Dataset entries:
lemma gen_edge_to_iff:
  "gen_edge y x \<longleftrightarrow> y = left x \<or> (snd x \<notin> {1,3,5,7,9} \<and> y = vertical x)"
proof -
  have "(fst x = fst y \<and> snd x = snd y + 1) \<longleftrightarrow> y = left x"
    unfolding left_def prod_eq_iff by (auto simp: eq_diff_eq)
  moreover have "fst x = fst y + 1 \<longleftrightarrow> fst y = fst x - 1" by auto
  then have "(fst x = fst y + 1 \<and> snd y \<in> {1,3,5,7,9} \<and> snd x = 2 * snd y)
      \<longleftrightarrow> snd x \<notin> {1,3,5,7,9} \<and> y = vertical x"
    using downward_edge_iff[of "snd y" "snd x"] unfolding vertical_def prod_eq_iff by auto
  ultimately show ?thesis unfolding gen_edge_iff by blast
qed

lemma adj_iff: "adj x y \<longleftrightarrow> y \<in> {right x, left x, vertical x}"
  unfolding adj_def using gen_edge_from_iff[of x y] gen_edge_to_iff[of y x] by blast

lemma adj_sym: "adj x y \<longleftrightarrow> adj y x"
  unfolding adj_def by blast

lemma neighbours_distinct:
  "right x \<noteq> left x" "vertical x \<noteq> right x" "vertical x \<noteq> left x"
  "right x \<noteq> x" "left x \<noteq> x" "vertical x \<noteq> x"
  using mem_Z10[of "snd x"] by (auto simp: right_def left_def vertical_def prod_eq_iff)

lemma graph_aut_adj: "graph_aut \<phi> \<Longrightarrow> adj (\<phi> x) (\<phi> y) \<longleftrightarrow> adj x y"
  unfolding graph_aut_def by blast
lemma expect_add:
  fixes F G :: "'a \<Rightarrow> real"
  assumes F: "\<And>x. \<bar>F x\<bar> \<le> B" and G: "\<And>x. \<bar>G x\<bar> \<le> B"
  shows "expect p (\<lambda>x. F x + G x) = expect p F + expect p G"
proof -
  have "\<bar>F x + G x\<bar> \<le> 2 * B" for x
    using F[of x] G[of x] by linarith
  then have "expect p (\<lambda>x. F x + G x) = (\<integral>x. F x + G x \<partial>measure_spmf p)"
    by (rule expect_eq_integral)
  also have "\<dots> = (\<integral>x. F x \<partial>measure_spmf p) + (\<integral>x. G x \<partial>measure_spmf p)"
    using F G by (intro Bochner_Integration.integral_add integrable_measure_spmf_bounded)
  also have "\<dots> = expect p F + expect p G"
    using expect_eq_integral[where F=F, OF F] expect_eq_integral[where F=G, OF G] by simp
  finally show ?thesis .
qed

lemma expect_cmult: "expect p (\<lambda>x. c * F x) = c * expect p F"
  unfolding expect_def by (simp add: mult.left_commute infsum_cmult_right')

lemma expect_const: "expect p (\<lambda>_. c) = c * weight_spmf p"
  by (simp add: expect_eq_integral[where B="\<bar>c\<bar>"] weight_spmf_def)

lemma expect_nonneg: "(\<And>x. 0 \<le> F x) \<Longrightarrow> 0 \<le> expect p F"
  unfolding expect_def by (simp add: infsum_nonneg)

lemma expect_abs_le:
  assumes "\<And>x. \<bar>F x\<bar> \<le> B"
  shows "\<bar>expect p F\<bar> \<le> B"
proof -
  have "0 \<le> B"
    using assms[of undefined] by linarith
  have "\<bar>expect p F\<bar> = max (expect p F) (expect p (\<lambda>x. - F x))"
    using expect_cmult[of p "-1" F] by simp
  also have "\<dots> \<le> expect p (\<lambda>_. B)"
    using assms \<open>0 \<le> B\<close> by (auto intro!: expect_mono[where B=B] simp: abs_le_iff)
  also have "\<dots> \<le> B"
    using \<open>0 \<le> B\<close> weight_spmf_le_1[of p] by (simp add: expect_const mult_left_le)
  finally show ?thesis .
qed

lemma expect_unit_interval:
  assumes "\<And>x. 0 \<le> F x \<and> F x \<le> 1"
  shows "0 \<le> expect p F \<and> expect p F \<le> 1"
proof
  show "0 \<le> expect p F"
    using assms by (simp add: expect_nonneg)
  show "expect p F \<le> 1"
    using expect_abs_le[of F 1 p] assms by fastforce
qed

lemma expect_bind_spmf:
  fixes F :: "'b \<Rightarrow> real"
  assumes bound: "\<And>x. \<bar>F x\<bar> \<le> B"
  shows "expect (bind_spmf p f) F = expect p (\<lambda>a. expect (f a) F)"
proof -
  have inner: "expect (f a) F = (\<integral>x. F x \<partial>measure_spmf (f a))" for a
    using bound by (rule expect_eq_integral)
  have inner_bound: "\<bar>expect (f a) F\<bar> \<le> B" for a
    using bound by (rule expect_abs_le)
  have "expect (bind_spmf p f) F = (\<integral>x. F x \<partial>measure_spmf (bind_spmf p f))"
    using bound by (rule expect_eq_integral)
  also have "\<dots> = (\<integral>a. (\<integral>x. F x \<partial>measure_spmf (f a)) \<partial>measure_spmf p)"
    unfolding measure_spmf_bind
    by (rule trans[OF integral_bind[where K="count_space UNIV" and B=B and B'=1]])
      (use bound in \<open>auto intro: measure_spmf.subprob_emeasure_le_1\<close>)
  also have "\<dots> = expect p (\<lambda>a. expect (f a) F)"
    unfolding inner using inner_bound[unfolded inner] by (rule expect_eq_integral[symmetric])
  finally show ?thesis .
qed

lemma approx_couplingI:
  assumes "\<And>F G. (\<And>a. 0 \<le> F a \<and> F a \<le> 1) \<Longrightarrow> (\<And>b. 0 \<le> G b \<and> G b \<le> 1) \<Longrightarrow>
             (\<And>a b. (a, b) \<in> \<Phi> \<Longrightarrow> F a \<le> G b) \<Longrightarrow>
             expect \<mu>1 F \<le> exp \<epsilon> * expect \<mu>2 G + \<delta>"
  shows "approx_coupling \<epsilon> \<delta> \<mu>1 \<mu>2 \<Phi>"
  using assms unfolding approx_coupling_def by blast

lemma approx_couplingD:
  assumes "approx_coupling \<epsilon> \<delta> \<mu>1 \<mu>2 \<Phi>"
    and "\<And>a. 0 \<le> F a \<and> F a \<le> 1" "\<And>b. 0 \<le> G b \<and> G b \<le> 1"
    and "\<And>a b. (a, b) \<in> \<Phi> \<Longrightarrow> F a \<le> G b"
  shows "expect \<mu>1 F \<le> exp \<epsilon> * expect \<mu>2 G + \<delta>"
  using assms unfolding approx_coupling_def by blast

lemma approx_coupling_restrict_le:
  fixes F :: "'a \<Rightarrow> real" and G :: "'b \<Rightarrow> real"
  assumes coupling: "approx_coupling \<epsilon> \<delta> \<mu>1 \<mu>2 \<Phi>" and "0 \<le> \<delta>'"
    and F01: "\<And>a. 0 \<le> F a \<and> F a \<le> 1" and G01: "\<And>b. 0 \<le> G b \<and> G b \<le> 1"
    and related: "\<And>a b. a \<in> A \<Longrightarrow> (a, b) \<in> \<Phi> \<Longrightarrow> b \<in> B \<and> F a \<le> exp \<epsilon>' * G b + \<delta>'"
  shows "expect \<mu>1 (\<lambda>a. indicator A a * max 0 (F a - \<delta>'))
           \<le> exp (\<epsilon> + \<epsilon>') * expect \<mu>2 (\<lambda>b. indicator B b * G b) + \<delta>"
proof -
  define G' where "G' b = indicator B b * min 1 (exp \<epsilon>' * G b)" for b
  have "expect \<mu>1 (\<lambda>a. indicator A a * max 0 (F a - \<delta>')) \<le> exp \<epsilon> * expect \<mu>2 G' + \<delta>"
  proof (rule approx_couplingD[OF coupling])
    show "0 \<le> indicator A a * max 0 (F a - \<delta>') \<and> indicator A a * max 0 (F a - \<delta>') \<le> 1" for a
      using F01[of a] \<open>0 \<le> \<delta>'\<close> by (simp split: split_indicator)
    show "0 \<le> G' b \<and> G' b \<le> 1" for b
      using G01[of b] by (simp add: G'_def split: split_indicator)
    show "indicator A a * max 0 (F a - \<delta>') \<le> G' b" if "(a, b) \<in> \<Phi>" for a b
      using related[OF _ that] F01[of a] G01[of b] \<open>0 \<le> \<delta>'\<close>
      by (cases "a \<in> A") (auto simp: G'_def split: split_indicator)
  qed
  moreover have "expect \<mu>2 G' \<le> expect \<mu>2 (\<lambda>b. exp \<epsilon>' * (indicator B b * G b))"
    using G01 by (intro expect_mono[where B="exp \<epsilon>'"])
      (auto simp: G'_def mult_left_le min.coboundedI2 split: split_indicator)
  ultimately show ?thesis
    by (simp add: expect_cmult exp_add order.trans)
qed

lemma expect_le_by_partition:
  fixes F :: "'a \<Rightarrow> real" and G :: "'b \<Rightarrow> real"
  assumes F01: "\<And>a. 0 \<le> F a \<and> F a \<le> 1" and G01: "\<And>b. 0 \<le> G b \<and> G b \<le> 1"
    and "0 \<le> \<delta>1'" "0 \<le> \<delta>2'"
    and le1: "expect \<mu>1 (\<lambda>a. indicator A a * max 0 (F a - \<delta>1'))
                \<le> exp \<epsilon>1 * expect \<mu>2 (\<lambda>b. indicator B b * G b) + \<delta>1"
    and le2: "expect \<mu>1 (\<lambda>a. indicator (- A) a * max 0 (F a - \<delta>2'))
                \<le> exp \<epsilon>2 * expect \<mu>2 (\<lambda>b. indicator (- B) b * G b) + \<delta>2"
  shows "expect \<mu>1 F \<le> exp (max \<epsilon>1 \<epsilon>2) * expect \<mu>2 G + (\<delta>1 + \<delta>2 + max \<delta>1' \<delta>2')"
proof -
  define \<delta>' where "\<delta>' = max \<delta>1' \<delta>2'"
  define F1 where "F1 a = indicator A a * max 0 (F a - \<delta>1')" for a
  define F2 where "F2 a = indicator (- A) a * max 0 (F a - \<delta>2')" for a
  define G1 where "G1 b = indicator B b * G b" for b
  define G2 where "G2 b = indicator (- B) b * G b" for b
  have \<delta>': "\<delta>1' \<le> \<delta>'" "\<delta>2' \<le> \<delta>'" "0 \<le> \<delta>'"
    using assms(3) by (auto simp: \<delta>'_def)
  have bounds: "\<bar>F1 a\<bar> \<le> 1" "\<bar>F2 a\<bar> \<le> 1" "\<bar>G1 b\<bar> \<le> 1" "\<bar>G2 b\<bar> \<le> 1" for a b
    using F01[of a] G01[of b] assms(3,4)
    by (simp_all add: F1_def F2_def G1_def G2_def split: split_indicator)
  have "F a \<le> F1 a + F2 a + \<delta>'" "\<bar>F a\<bar> \<le> 2 + \<delta>'" "\<bar>F1 a + F2 a + \<delta>'\<bar> \<le> 2 + \<delta>'" for a
    using F01[of a] \<delta>' bounds(1,2)[of a]
    by (auto simp: F1_def F2_def split: split_indicator)
  then have "expect \<mu>1 F \<le> expect \<mu>1 (\<lambda>a. (F1 a + F2 a) + \<delta>')"
    by (intro expect_mono[where B="2 + \<delta>'"])
  also have "\<dots> = expect \<mu>1 F1 + expect \<mu>1 F2 + \<delta>' * weight_spmf \<mu>1"
  proof -
    have "\<bar>F1 a + F2 a\<bar> \<le> 2 + \<delta>'" "\<bar>\<delta>'\<bar> \<le> 2 + \<delta>'" for a
      using bounds(1,2)[of a] \<delta>' by auto
    then have "expect \<mu>1 (\<lambda>a. (F1 a + F2 a) + \<delta>') = expect \<mu>1 (\<lambda>a. F1 a + F2 a) + expect \<mu>1 (\<lambda>_. \<delta>')"
      by (rule expect_add)
    also have "expect \<mu>1 (\<lambda>a. F1 a + F2 a) = expect \<mu>1 F1 + expect \<mu>1 F2"
      using bounds(1,2) by (rule expect_add)
    finally show ?thesis
      by (simp add: expect_const)
  qed
  also have "\<dots> \<le> (exp \<epsilon>1 * expect \<mu>2 G1 + \<delta>1) + (exp \<epsilon>2 * expect \<mu>2 G2 + \<delta>2) + \<delta>'"
  proof -
    have "\<delta>' * weight_spmf \<mu>1 \<le> \<delta>'"
      using \<delta>'(3) weight_spmf_le_1[of \<mu>1] by (simp add: mult_left_le)
    then show ?thesis
      using le1 le2 unfolding F1_def[abs_def] F2_def[abs_def] G1_def[abs_def] G2_def[abs_def]
      by linarith
  qed
  also have "\<dots> \<le> exp (max \<epsilon>1 \<epsilon>2) * (expect \<mu>2 G1 + expect \<mu>2 G2) + (\<delta>1 + \<delta>2 + \<delta>')"
    using G01 by (simp add: distrib_left add_mono mult_right_mono expect_nonneg G1_def G2_def)
  also have "expect \<mu>2 G1 + expect \<mu>2 G2 = expect \<mu>2 (\<lambda>b. G1 b + G2 b)"
    using bounds(3,4) by (rule expect_add[symmetric])
  also have "(\<lambda>b. G1 b + G2 b) = G"
    by (rule ext) (simp add: G1_def G2_def split: split_indicator)
  finally show ?thesis
    unfolding \<delta>'_def .
qed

▸ **INSTRUCTIONS TO FOLLOW**:
Each line above that contains "real" must be copied out.

▸ **TASK RESULT**:
  fixes F G :: "'a \<Rightarrow> real"
  fixes F :: "'b \<Rightarrow> real"
  fixes F :: "'a \<Rightarrow> real" and G :: "'b \<Rightarrow> real"
  fixes F :: "'a \<Rightarrow> real" and G :: "'b \<Rightarrow> real"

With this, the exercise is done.